Essential utilities for manipulating, filtering, and summarizing alignment files.

Tool	Description
`Samtools`	The standard tool for sorting, indexing, filtering, and inspecting SAM/BAM/CRAM files.
`Picard`	Java-based BAM utilities for deduplication, metrics collection, and format conversion.
`BEDTools`	Genomic interval arithmetic — intersect, merge, subtract intervals across BED/BAM/VCF files.

Differential Expression

Tool	Description
`DESeq2`	R/Bioconductor package for count-based DE using negative binomial models.
`edgeR`	Alternative DE package using empirical Bayes estimation.
`limma-voom`	Microarray-heritage DE with a voom transformation for RNA-seq count data.

Metagenomics & Taxonomy

Tool	Description
`Kraken2`	Ultra-fast k-mer-based taxonomic classification for metagenomic reads.
`MetaPhlAn`	Marker-gene based metagenomic profiling at species level.
`QIIME 2`	Comprehensive microbiome analysis platform for amplicon and shotgun data.

Workflow Managers & Reproducibility

As pipelines grow in complexity, workflow managers help you orchestrate tools, handle dependencies, and ensure reproducibility.

Tool	Description
`Nextflow`	DSL-based workflow manager with excellent container and cloud support. Powers nf-core community pipelines.
`Snakemake`	Python-based workflow engine with automatic dependency resolution and cluster support.
`CWL`	Common Workflow Language — a platform-agnostic specification for describing analysis workflows.

Mobile & On-Device Bioinformatics

A growing category of tools that run directly on phones, tablets, or laptops — no server infrastructure required. Useful for teaching, fieldwork, quick previews, and environments with limited connectivity.

Tool	Platform	Description
`FastQLab` Android · iOS	Android / iOS	Perform FASTQ quality control directly on your phone or tablet. Provides per-base quality, GC content, and read-length distribution charts with zero cloud dependency. Free.
`JapalitySplice` GitHub (CLI) · Android · iOS	CLI (Rust) / Android / iOS	Splice-aware RNA-seq aligner with sparse k-mer indexing, built for resource-constrained devices. The mobile version adds deep-learning splice site prediction for multiple model organisms (human, Drosophila, C. elegans, yeast). Open-source CLI under GPLv3.

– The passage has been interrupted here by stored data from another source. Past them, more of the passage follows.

(* Fix reals $a<b$ with $\tau_0\notin[a,b]$, $S=T\cap[a,b]$, $m\ge1$, points $q_1,\ldots,q_r\in\mathbf M$, a subset $\mathbf\Pi\subseteq\mathbf M$ and pairwise disjoint sets $\Pi_1,\ldots,\Pi_d\subseteq\mathbf M$ with $\mathbf\Pi\subseteq\Pi_1\cup\cdots\cup\Pi_d$. Suppose reals $\alpha_{ij}\le\beta_{ij}$ ($1\le i\le r$, $1\le j\le d$) satisfy $\alpha_{ij}\le\tau(q_i,q)\le\beta_{ij}$ for all $q\in\Pi_j$, and reals $a_{ij}\le b_{ij}$ ($1\le i\le j\le d$) satisfy $\tau(u,v)\in[a_{ij},b_{ij}]$ whenever $u\in\Pi_i$, $v\in\Pi_j$, $u\ne v$, $\tau(u,v)\in[a,b]$. Let $\mathcal A$ be any set of constraints satisfied by the tuple $(x_{ij}^{(k)}(C),y_{ij}^{(k)}(C))$ of every $S$-code $C\subset\mathbf\Pi$. Let $c^*$ be the supremum of $c_1+\cdots+c_d$ over real variables $c_j$, $x_{ij}^{(k)}$ ($1\le i\le j\le d$, with $x_{ji}^{(k)}:=x_{ij}^{(k)}$), $y_{ij}^{(k)}$ ($1\le i\le r$, $1\le j\le d$), $k=0,\ldots,2m-1$, subject to: (11) for each $k=0,\ldots,2m-1$ the symmetric $(r+d)\times(r+d)$ matrix $\Gamma_k$ with entries $\Phi_k(\tau(q_i,q_{i'}))$ in position $(i,i')$ ($i,i'\le r$), $\sum_{l=0}^k p_{kl}y_{ij}^{(l)}$ in positions $(i,r+j)$ and $(r+j,i)$, and $\sum_{l=0}^k p_{kl}x_{jj'}^{(l)}$ in position $(r+j,r+j')$, is positive semidefinite; (13) $H_m(y_{ij}^{(0)},\ldots,y_{ij}^{(2m-1)},[\alpha_{ij},\beta_{ij}])\succeq0$ for all $i\le r$, $j\le d$; (14) $H_m(x_{ij}^{(0)},\ldots,x_{ij}^{(2m-1)},[a_{ij},b_{ij}])\succeq0$ for $1\le i<j\le d$; (15) $H_m(z_{0,i},\ldots,z_{2m-1,i},[a_{ii},b_{ii}])\succeq0$ for $i=1,\ldots,d$, where $z_{k,i}:=x_{ii}^{(k)}-c_i\tau_0^k$ for $k\ge1$ and $z_{0,i}:=x_{ii}^{(0)}-c_i$; (16) the constraints $\mathcal A$; (17) $y_{ij}^{(0)}=c_j\ge0$ for all $i,j$, and the $(d+1)\times(d+1)$ matrix $\begin{pmatrix}1&c^{T}\\ c&(x_{ij}^{(0)})_{i,j=1}^d\end{pmatrix}$, $c=(c_1,\ldots,c_d)^T$, is positive semidefinite. Then $A(\mathbf\Pi,S)\le c^*$.
   Context: $\mathbf M$ is a 2-point-homogeneous space with associated real function $\tau(x,y)$, $\tau_0:=\tau(x,x)$, $T=\{\tau(x,y):x,y\in\mathbf M\}$, and zonal spherical functions $\Phi_k(t)=\sum_{l=0}^k p_{kl}t^l$ assumed to be real polynomials of degree $k$ with $\Phi_k(\tau_0)=1$ such that for every finite $\{x_1,\ldots,x_N\}\subset\mathbf M$ and $k\ge0$ the matrix $(\Phi_k(\tau(x_i,x_j)))$ is positive semidefinite. An $S$-code is a finite $C\subset\mathbf M$ with $\tau(x,y)\in S$ for all distinct $x,y\in C$; $A(\mathbf\Pi,S)$ is the largest cardinality of an $S$-code contained in $\mathbf\Pi$. For an $S$-code $C\subset\mathbf\Pi$ and $C_j:=C\cap\Pi_j$: $x_{ij}^{(k)}(C)=\sum_{u\in C_i}\sum_{v\in C_j}\tau(u,v)^k$ (including $u=v$ when $i=j$) and $y_{ij}^{(k)}(C)=\sum_{q\in C_j}\tau(q_i,q)^k$, with $\tau^0:=1$. For reals $s_0,\ldots,s_{2m-1}$ and $\alpha\le\beta$: $R_m=(s_{i+j-2})_{i,j=1}^m$, $F_m^+(\alpha)=(s_{i+j-1}-\alpha s_{i+j-2})$, $F_m^-(\beta)=(\beta s_{i+j-2}-s_{i+j-1})$, $H_m(s_0,\ldots,s_{2m-1},[\alpha,\beta])=\operatorname{diag}(R_m,F_m^+(\alpha),F_m^-(\beta))$. *)

theory Defs
  imports Complex_Main "HOL-Library.Extended_Real"
begin

definition psd_on :: "nat set \<Rightarrow> (nat \<Rightarrow> nat \<Rightarrow> real) \<Rightarrow> bool" where
  "psd_on I A \<longleftrightarrow> (\<forall>i\<in>I. \<forall>j\<in>I. A i j = A j i) \<and>
     (\<forall>v :: nat \<Rightarrow> real. 0 \<le> (\<Sum>i\<in>I. \<Sum>j\<in>I. v i * A i j * v j))"

definition Phi :: "(nat \<Rightarrow> nat \<Rightarrow> real) \<Rightarrow> nat \<Rightarrow> real \<Rightarrow> real" where
  "Phi p k t = (\<Sum>l\<le>k. p k l * t ^ l)"

text \<open>H_m(s_0,...,s_{2m-1},[alpha,beta]) = diag(R_m, F_m^+(alpha), F_m^-(beta)), a 3m x 3m
  matrix with (0-based) indices 0..3m-1.  With 1-based block indices i,j the entries are
  s_{i+j-2}, s_{i+j-1} - alpha s_{i+j-2}, beta s_{i+j-2} - s_{i+j-1}; in 0-based indices
  i,j these are s_{i+j}, s_{i+j+1} - alpha s_{i+j}, beta s_{i+j} - s_{i+j+1}.\<close>
definition Hmat :: "nat \<Rightarrow> (nat \<Rightarrow> real) \<Rightarrow> real \<Rightarrow> real \<Rightarrow> nat \<Rightarrow> nat \<Rightarrow> real" where
  "Hmat m s \<alpha> \<beta> i j =
     (if i < m \<and> j < m then s (i + j)
      else if m \<le> i \<and> i < 2*m \<and> m \<le> j \<and> j < 2*m then
        s ((i - m) + (j - m) + 1) - \<alpha> * s ((i - m) + (j - m))
      else if 2*m \<le> i \<and> i < 3*m \<and> 2*m \<le> j \<and> j < 3*m then
        \<beta> * s ((i - 2*m) + (j - 2*m)) - s ((i - 2*m) + (j - 2*m) + 1)
      else 0)"

definition H_psd :: "nat \<Rightarrow> (nat \<Rightarrow> real) \<Rightarrow> real \<Rightarrow> real \<Rightarrow> bool" where
  "H_psd m s \<alpha> \<beta> \<longleftrightarrow> psd_on {0..<3*m} (Hmat m s \<alpha> \<beta>)"

definition is_Scode :: "('a \<Rightarrow> 'a \<Rightarrow> real) \<Rightarrow> real set \<Rightarrow> 'a set \<Rightarrow> bool" where
  "is_Scode \<tau> S C \<longleftrightarrow> finite C \<and> (\<forall>x\<in>C. \<forall>y\<in>C. x \<noteq> y \<longrightarrow> \<tau> x y \<in> S)"

definition A_code :: "('a \<Rightarrow> 'a \<Rightarrow> real) \<Rightarrow> 'a set \<Rightarrow> real set \<Rightarrow> ereal" where
  "A_code \<tau> P S = Sup {ereal (real (card C)) | C. is_Scode \<tau> S C \<and> C \<subseteq> P}"

text \<open>x_{ij}^{(k)}(C) and y_{ij}^{(k)}(C), with C_j = C \<inter> Pi_j (note 0^0 = 1).\<close>
definition code_x :: "('a \<Rightarrow> 'a \<Rightarrow> real) \<Rightarrow> (nat \<Rightarrow> 'a set) \<Rightarrow> 'a set \<Rightarrow> nat \<Rightarrow> nat \<Rightarrow> nat \<Rightarrow> real" where
  "code_x \<tau> Pi C k i j = (\<Sum>u\<in>C \<inter> Pi i. \<Sum>v\<in>C \<inter> Pi j. \<tau> u v ^ k)"

definition code_y :: "('a \<Rightarrow> 'a \<Rightarrow> real) \<Rightarrow> (nat \<Rightarrow> 'a set) \<Rightarrow> (nat \<Rightarrow> 'a) \<Rightarrow> 'a set \<Rightarrow> nat \<Rightarrow> nat \<Rightarrow> nat \<Rightarrow> real" where
  "code_y \<tau> Pi q C k i j = (\<Sum>w\<in>C \<inter> Pi j. \<tau> (q i) w ^ k)"

definition symx :: "(nat \<Rightarrow> nat \<Rightarrow> nat \<Rightarrow> real) \<Rightarrow> nat \<Rightarrow> nat \<Rightarrow> nat \<Rightarrow> real" where
  "symx x k i j = (if i \<le> j then x k i j else x k j i)"

text \<open>The (r+d) x (r+d) matrix Gamma_k of constraint (11), 1-based indices 1..r+d.\<close>
definition Gamma :: "('a \<Rightarrow> 'a \<Rightarrow> real) \<Rightarrow> (nat \<Rightarrow> nat \<Rightarrow> real) \<Rightarrow> (nat \<Rightarrow> 'a) \<Rightarrow> nat \<Rightarrow>
    (nat \<Rightarrow> nat \<Rightarrow> nat \<Rightarrow> real) \<Rightarrow> (nat \<Rightarrow> nat \<Rightarrow> nat \<Rightarrow> real) \<Rightarrow> nat \<Rightarrow> nat \<Rightarrow> nat \<Rightarrow> real" where
  "Gamma \<tau> p q r xs y k i i' =
     (if i \<le> r \<and> i' \<le> r then Phi p k (\<tau> (q i) (q i'))
      else if i \<le> r then (\<Sum>l\<le>k. p k l * y l i (i' - r))
      else if i' \<le> r then (\<Sum>l\<le>k. p k l * y l i' (i - r))
      else (\<Sum>l\<le>k. p k l * xs l (i - r) (i' - r)))"
lemma ic_quotf_condf:
  "ic (X // R) (quotf X R (condf X R' f)) = (\<Sum>W\<in>X // R'. ic (classes_in X R W) (quotf X R f))"
proof -
  let ?c = "condf X R' f"
  have "separator (X // R) (quotf X R ?c) Z" if Z: "Z \<in> classes_in X R ` (X // R')" for Z
  proof -
    obtain W where W: "W \<in> X // R'" "Z = classes_in X R W" using Z by blast
    then have "separator (\<Union>(X // R)) ?c (\<Union>Z)"
      using Union_classes_in_coarser separator_condf[OF fin, of f, OF f0 R'] Union_quotient[OF R]
      by simp
    then show ?thesis using separator_quotf[OF R subset_refl] W(2) by (auto simp: classes_in_def)
  qed
  then have "ic (X // R) (quotf X R ?c) = (\<Sum>Z\<in>classes_in X R ` (X // R'). ic Z (quotf X R ?c))"
    using ic_sum[of "X // R" "quotf X R ?c", OF finite_quotient[OF fin equiv_type[OF R]]
        quotf_empty[of ?c X R, OF condf_empty[of f X R', OF f0]] partition_classes_in] by blast
  also have "\<dots> = (\<Sum>W\<in>X // R'. ic (classes_in X R W) (quotf X R ?c))"
    using sum.reindex[OF inj_on_classes_in] by simp
  also have "\<dots> = (\<Sum>W\<in>X // R'. ic (classes_in X R W) (quotf X R f))"
  proof (intro sum.cong refl ic_cong)
    fix W B assume W: "W \<in> X // R'" and B: "B \<subseteq> classes_in X R W"
    then have "B \<subseteq> X // R" "\<Union>B \<subseteq> W" by (auto simp: classes_in_def)
    then show "quotf X R ?c B = quotf X R f B"
      using quotf_eq[OF R] condf_eq_on_class[OF fin, of f, OF f0 R' W] by simp
  qed
  finally show ?thesis .
qed

lemma
  shows card_le_sum_ic_classes_in:
    "card (X // R') \<le> (\<Sum>W\<in>X // R'. ic (classes_in X R W) (quotf X R f))"
  and sum_ic_classes_in_eq_card_iff:
    "(\<Sum>W\<in>X // R'. ic (classes_in X R W) (quotf X R f)) = card (X // R') \<longleftrightarrow>
      (\<forall>W\<in>X // R'. inseparable (classes_in X R W) (quotf X R f))"
proof -
  have "finite (X // R')" using finite_quotient[OF fin equiv_type[OF R']] .
  moreover have "finite (classes_in X R W)" for W
    using finite_quotient[OF fin equiv_type[OF R]] by (auto simp: classes_in_def)
  moreover have "classes_in X R W \<noteq> {}" if "W \<in> X // R'" for W
    using Union_classes_in_coarser[OF that] in_quotient_imp_non_empty[OF R' that] by auto
  ultimately show "card (X // R') \<le> (\<Sum>W\<in>X // R'. ic (classes_in X R W) (quotf X R f))"
    and "(\<Sum>W\<in>X // R'. ic (classes_in X R W) (quotf X R f)) = card (X // R') \<longleftrightarrow>
      (\<forall>W\<in>X // R'. inseparable (classes_in X R W) (quotf X R f))"
    using card_le_sum_ic[of "X // R'" "classes_in X R" "\<lambda>_. quotf X R f"]
      sum_ic_eq_card_iff[of "X // R'" "classes_in X R" "\<lambda>_. quotf X R f"] quotf_empty[of f, OF f0]
    by blast+
qed

lemma inseparable_coarser_class:
  assumes ins: "\<forall>Y\<in>X // R. inseparable Y f" and ins': "inseparable (classes_in X R W) (quotf X R f)"
    and W: "W \<in> X // R'"
  shows "inseparable W f"
  unfolding inseparable_def
proof (intro conjI allI impI)
  show "W \<noteq> {}" using in_quotient_imp_non_empty[OF R' W] .
  fix T assume T: "separator W f T"
  define TT where "TT = {Y \<in> classes_in X R W. Y \<subseteq> T}"
  have "\<Union>TT = T"
  proof
    show "T \<subseteq> \<Union>TT"
    proof
      fix t assume "t \<in> T"
      then have "t \<in> \<Union>(classes_in X R W)"
        using T Union_classes_in_coarser[OF W] by (auto simp: separator_def)
      then obtain Y where Y: "Y \<in> classes_in X R W" "t \<in> Y" by blast
      then have "Y \<subseteq> T \<or> Y \<inter> T = {}"
        using inseparable_subset_or_disjoint[OF T, of Y] ins by (auto simp: classes_in_def)
      then show "t \<in> \<Union>TT" using Y \<open>t \<in> T\<close> by (auto simp: TT_def)
    qed
  qed (auto simp: TT_def)
  then have "separator (\<Union>(classes_in X R W)) f (\<Union>TT)" using Union_classes_in_coarser[OF W] T by simp
  then have "separator (classes_in X R W) (quotf X R f) TT"
    using separator_quotf[OF R, of "classes_in X R W" TT f] by (auto simp: TT_def classes_in_def)
  then have "TT = {} \<or> TT = classes_in X R W" using ins' by (auto simp: inseparable_def)
  then show "T = {} \<or> T = W" using \<open>\<Union>TT = T\<close> Union_classes_in_coarser[OF W] by auto
qed
lemma inj_on_slot_label: "inj_on (slot_label w) (fresh_slots w)"
proof -
  have earlier: "slot_label w (n, s) \<noteq> slot_label w (n', s')"
    if "(n, s) \<in> fresh_slots w" "(n', s') \<in> fresh_slots w" "n < n'" for n s n' s'
  proof -
    have "constr_m w n' \<le> constr_m w (Suc n)"
      using constr_m_antimono \<open>n < n'\<close> by simp
    then show ?thesis
      using that by (simp add: fresh_slots_def slot_label_def constr_m_Suc)
  qed
  show ?thesis
  proof (rule inj_onI, clarify)
    fix n s n' s'
    assume "(n, s) \<in> fresh_slots w" "(n', s') \<in> fresh_slots w"
      and eq: "slot_label w (n, s) = slot_label w (n', s')"
    then have "n = n'"
      using earlier by (metis linorder_neqE_nat)
    with eq show "n = n' \<and> s = s'"
      by (simp add: slot_label_def)
  qed
qed

lemma constr_m_crosses:
  "constr_m w N \<le> l \<Longrightarrow> l < 0 \<Longrightarrow> \<exists>n. l < constr_m w n \<and> constr_m w (Suc n) \<le> l"
proof (induction N)
  case (Suc N)
  then show ?case
    by (cases "constr_m w N \<le> l") (auto intro: exI[of _ N])
qed simp

lemma slot_label_image: "slot_label w ` fresh_slots w = fresh_labels w"
proof
  show "slot_label w ` fresh_slots w \<subseteq> fresh_labels w"
  proof clarify
    fix n s assume "(n, s) \<in> fresh_slots w"
    then show "slot_label w (n, s) \<in> fresh_labels w"
      using constr_m_antimono[of 0 n w]
      by (auto simp: fresh_slots_def slot_label_def fresh_labels_def constr_m_Suc
               intro!: exI[of _ "Suc n"])
  qed
  show "fresh_labels w \<subseteq> slot_label w ` fresh_slots w"
  proof
    fix l assume "l \<in> fresh_labels w"
    then obtain N where "constr_m w N \<le> l" "l < 0"
      by (auto simp: fresh_labels_def)
    then obtain n where n: "l < constr_m w n" "constr_m w (Suc n) \<le> l"
      using constr_m_crosses by blast
    then have "(n, constr_m w n - l) \<in> fresh_slots w"
      by (auto simp: fresh_slots_def constr_m_Suc)
    moreover have "slot_label w (n, constr_m w n - l) = l"
      by (simp add: slot_label_def)
    ultimately show "l \<in> slot_label w ` fresh_slots w"
      by (metis image_eqI)
  qed
qed

lemma bij_betw_slot_label: "bij_betw (slot_label w) (fresh_slots w) (fresh_labels w)"
  by (simp add: bij_betw_def inj_on_slot_label slot_label_image)

lemma fresh_labels_reindex_subset:
  assumes "inj \<tau>" "\<And>k. u !! k = v !! \<tau> k"
  shows "fresh_labels u \<subseteq> fresh_labels v"
proof
  fix l assume "l \<in> fresh_labels u"
  then obtain n where l: "l < 0" "constr_m u n \<le> l"
    by (auto simp: fresh_labels_def)
  obtain N where N: "\<forall>k\<in>\<tau> ` {..<n}. k < N"
    using finite_nat_bounded[of "\<tau> ` {..<n}"] by auto
  have "(\<Sum>k<n. fresh_count (u !! k)) = (\<Sum>k\<in>\<tau> ` {..<n}. fresh_count (v !! k))"
    using assms by (simp add: sum.reindex inj_on_subset)
  also have "\<dots> \<le> (\<Sum>k<N. fresh_count (v !! k))"
    using N by (intro sum_mono2) (auto simp: fresh_count_nonneg)
  finally have "constr_m v N \<le> constr_m u n"
    by (simp add: constr_m_eq_neg_sum)
  with l show "l \<in> fresh_labels v"
    by (auto simp: fresh_labels_def intro!: exI[of _ N])
qed

definition permute_stream :: "(nat \<Rightarrow> nat) \<Rightarrow> 'a stream \<Rightarrow> 'a stream" where
  "permute_stream \<sigma> w = to_stream (\<lambda>k. w !! inv \<sigma> k)"

lemma permute_stream_snth: "permute_stream \<sigma> w !! k = w !! inv \<sigma> k"
  by (simp add: permute_stream_def to_stream_def)

lemma permute_stream_snth_apply: "bij \<sigma> \<Longrightarrow> permute_stream \<sigma> w !! \<sigma> n = w !! n"
  by (simp add: permute_stream_snth bij_is_inj)

lemma fresh_labels_permute_stream:
  assumes "bij \<sigma>"
  shows "fresh_labels (permute_stream \<sigma> w) = fresh_labels w"
  using fresh_labels_reindex_subset[of "inv \<sigma>" "permute_stream \<sigma> w" w]
    fresh_labels_reindex_subset[of \<sigma> w "permute_stream \<sigma> w"] assms
  by (auto simp: permute_stream_snth permute_stream_snth_apply bij_is_inj bij_imp_bij_inv)

lemma bij_betw_permute_slots:
  assumes "bij \<sigma>"
  shows "bij_betw (map_prod \<sigma> id) (fresh_slots w) (fresh_slots (permute_stream \<sigma> w))"
proof -
  have "bij_betw (map_prod \<sigma> id) (fresh_slots w) (map_prod \<sigma> id ` fresh_slots w)"
    using assms by (auto intro!: inj_onI simp: bij_betw_def bij_is_inj inj_eq)
  moreover have "map_prod \<sigma> id ` fresh_slots w = fresh_slots (permute_stream \<sigma> w)"
  proof (rule set_eqI, safe)
    fix k s assume "(k, s) \<in> fresh_slots (permute_stream \<sigma> w)"
    then have "(inv \<sigma> k, s) \<in> fresh_slots w"
      by (simp add: fresh_slots_def permute_stream_snth)
    moreover have "map_prod \<sigma> id (inv \<sigma> k, s) = (k, s)"
      using assms by (simp add: bij_is_surj surj_f_inv_f)
    ultimately show "(k, s) \<in> map_prod \<sigma> id ` fresh_slots w"
      by (metis image_eqI)
  qed (use assms in \<open>auto simp: fresh_slots_def permute_stream_snth_apply\<close>)
  ultimately show ?thesis by simp
qed

lemma bij_transport:
  assumes "bij_betw f S F" "bij_betw g T F" "bij_betw h S T"
  obtains \<phi> where "bij \<phi>" "\<And>x. x \<notin> F \<Longrightarrow> \<phi> x = x" "\<And>p. p \<in> S \<Longrightarrow> \<phi> (f p) = g (h p)"
proof
  define \<psi> where "\<psi> = g \<circ> h \<circ> inv_into S f"
  have \<psi>: "bij_betw \<psi> F F"
    unfolding \<psi>_def using assms
    by (metis bij_betw_inv_into bij_betw_trans)
  let ?\<phi> = "\<lambda>x. if x \<in> F then \<psi> x else x"
  have "bij_betw ?\<phi> (F \<union> - F) (F \<union> - F)"
    by (rule bij_betw_combine)
       (use \<psi> in \<open>auto simp: bij_betw_def inj_on_def intro: image_cong\<close>)
  then show "bij ?\<phi>" by simp
  show "\<And>x. x \<notin> F \<Longrightarrow> ?\<phi> x = x" by simp
  show "?\<phi> (f p) = g (h p)" if "p \<in> S" for p
    using that assms(1) by (auto simp: \<psi>_def bij_betw_def)
qed

lemma map_uprod_constr_step:
  assumes "admissible_draw x"
    and pos: "\<And>l. l > 0 \<Longrightarrow> \<phi> l = l"
    and fresh: "\<And>s. 1 \<le> s \<Longrightarrow> s \<le> fresh_count x \<Longrightarrow> \<phi> (z - s) = z' - s"
  shows "map_uprod \<phi> (fst (constr_step z x)) = fst (constr_step z' x)"
  using assms(1) unfolding admissible_draw_def
proof (elim disjE exE conjE)
  assume old: "\<forall>y\<in>set_uprod x. y \<ge> 1"
  then have "map_uprod \<phi> x = map_uprod id x"
    using pos by (intro uprod.map_cong) auto
  moreover have "0 \<notin> set_uprod x \<and> -1 \<notin> set_uprod x"
    using old by force
  ultimately show ?thesis
    by (simp add: constr_step_def uprod.map_id)
next
  assume "x = Upair (-1) 0"
  then show ?thesis
    using fresh[of 1] fresh[of 2] by (simp add: constr_step_def fresh_count_def)
next
  assume "x = Upair 0 0"
  then show ?thesis
    using fresh[of 1] by (simp add: constr_step_def fresh_count_def)
next
  fix j assume j: "j \<ge> 1" "x = Upair 0 j"
  then have "(THE j'. j' \<ge> 1 \<and> x = Upair 0 j') = j"
    by (intro the_equality) auto
  moreover have "fresh_count x = 1"
    using j by (auto simp: fresh_count_def)
  ultimately show ?thesis
    using j fresh[of 1] pos[of j] by (auto simp: constr_step_def)
qed

lemma constr_X_permute_stream:
  assumes "bij \<sigma>" and admissible: "\<forall>n. admissible_draw (w !! n)"
  shows "\<exists>\<phi>. bij \<phi> \<and> map_uprod \<phi> \<circ> (constr_X w \<circ> inv \<sigma>) = constr_X (permute_stream \<sigma> w)"
proof -
  let ?v = "permute_stream \<sigma> w"
  obtain \<phi> where "bij \<phi>"
    and outside: "\<And>l. l \<notin> fresh_labels w \<Longrightarrow> \<phi> l = l"
    and slots: "\<And>p. p \<in> fresh_slots w \<Longrightarrow> \<phi> (slot_label w p) = slot_label ?v (map_prod \<sigma> id p)"
    using bij_transport[OF bij_betw_slot_label _ bij_betw_permute_slots[OF assms(1)]]
      bij_betw_slot_label[of ?v] fresh_labels_permute_stream[OF assms(1)]
    by metis
  have "map_uprod \<phi> (constr_X w n) = constr_X ?v (\<sigma> n)" for n
    unfolding constr_X_def permute_stream_snth_apply[OF assms(1)]
  proof (rule map_uprod_constr_step)
    show "admissible_draw (w !! n)" using admissible ..
    show "\<phi> l = l" if "l > 0" for l
      using that outside by (simp add: fresh_labels_def)
    show "\<phi> (constr_m w n - s) = constr_m ?v (\<sigma> n) - s"
      if "1 \<le> s" "s \<le> fresh_count (w !! n)" for s
      using that slots[of "(n, s)"] by (simp add: fresh_slots_def slot_label_def)
  qed
  then have "map_uprod \<phi> \<circ> (constr_X w \<circ> inv \<sigma>) = constr_X ?v"
    using assms(1) by (auto simp: bij_is_surj surj_f_inv_f)
  with \<open>bij \<phi>\<close> show ?thesis by blast
qed

lemma measurable_permute_stream:
  "permute_stream \<sigma> \<in> measurable (stream_space M) (stream_space M)"
proof -
  have "(\<lambda>w k. w !! inv \<sigma> k) \<in> measurable (stream_space M) (\<Pi>\<^sub>M i\<in>(UNIV::nat set). M)"
    by (rule measurable_PiM_single') (auto simp: space_stream_space streams_iff_snth)
  then show ?thesis
    unfolding permute_stream_def by (rule measurable_compose[OF _ measurable_to_stream])
qed

lemma distr_permute_stream:
  assumes "bij \<sigma>" and "prob_space M"
  shows "distr (stream_space M) (stream_space M) (permute_stream \<sigma>) = stream_space M"
proof -
  let ?P = "\<Pi>\<^sub>M i\<in>(UNIV::nat set). M"
  let ?reindex = "\<lambda>\<omega>. \<lambda>n\<in>UNIV. \<omega> (inv \<sigma> n)"
  have reindex: "distr ?P ?P ?reindex = ?P"
    using distr_PiM_reindex[of UNIV "\<lambda>_. M" "inv \<sigma>" UNIV] assms bij_is_inj bij_imp_bij_inv
    by auto
  have "distr (stream_space M) (stream_space M) (permute_stream \<sigma>)
      = distr (distr ?P (stream_space M) to_stream) (stream_space M) (permute_stream \<sigma>)"
    by (subst stream_space_eq_distr) (rule refl)
  also have "\<dots> = distr ?P (stream_space M) (permute_stream \<sigma> \<circ> to_stream)"
    by (rule distr_distr) (auto simp: measurable_permute_stream)
  also have "permute_stream \<sigma> \<circ> to_stream = to_stream \<circ> ?reindex"
    by (auto simp: permute_stream_def to_stream_def fun_eq_iff restrict_def)
  also have "distr ?P (stream_space M) \<dots> = distr (distr ?P ?P ?reindex) (stream_space M) to_stream"
    by (rule distr_distr[symmetric]) auto
  also have "\<dots> = stream_space M"
    by (simp only: reindex stream_space_eq_distr[symmetric])
  finally show ?thesis .
qed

Note: FastQLab and JapalitySplice are developed by Japality Limited, the same team that maintains this tutorial site.

How to choose a tool

Consider

Community & citations — widely used tools have more documentation and community support.
Hardware constraints — STAR needs ≥30 GB RAM for human; lighter tools exist for laptops/mobile.
Experiment type — DNA vs RNA vs metagenomics often dictates the pipeline.
Reproducibility — prefer tools with version-pinnable installs (Conda, containers).

Keep in mind

No single tool is best for every dataset and question.
Benchmarks on one species may not transfer to another.
Mobile/lightweight tools are great for teaching and previews, but production-scale work usually runs on servers.
Always validate outputs with independent QC checks.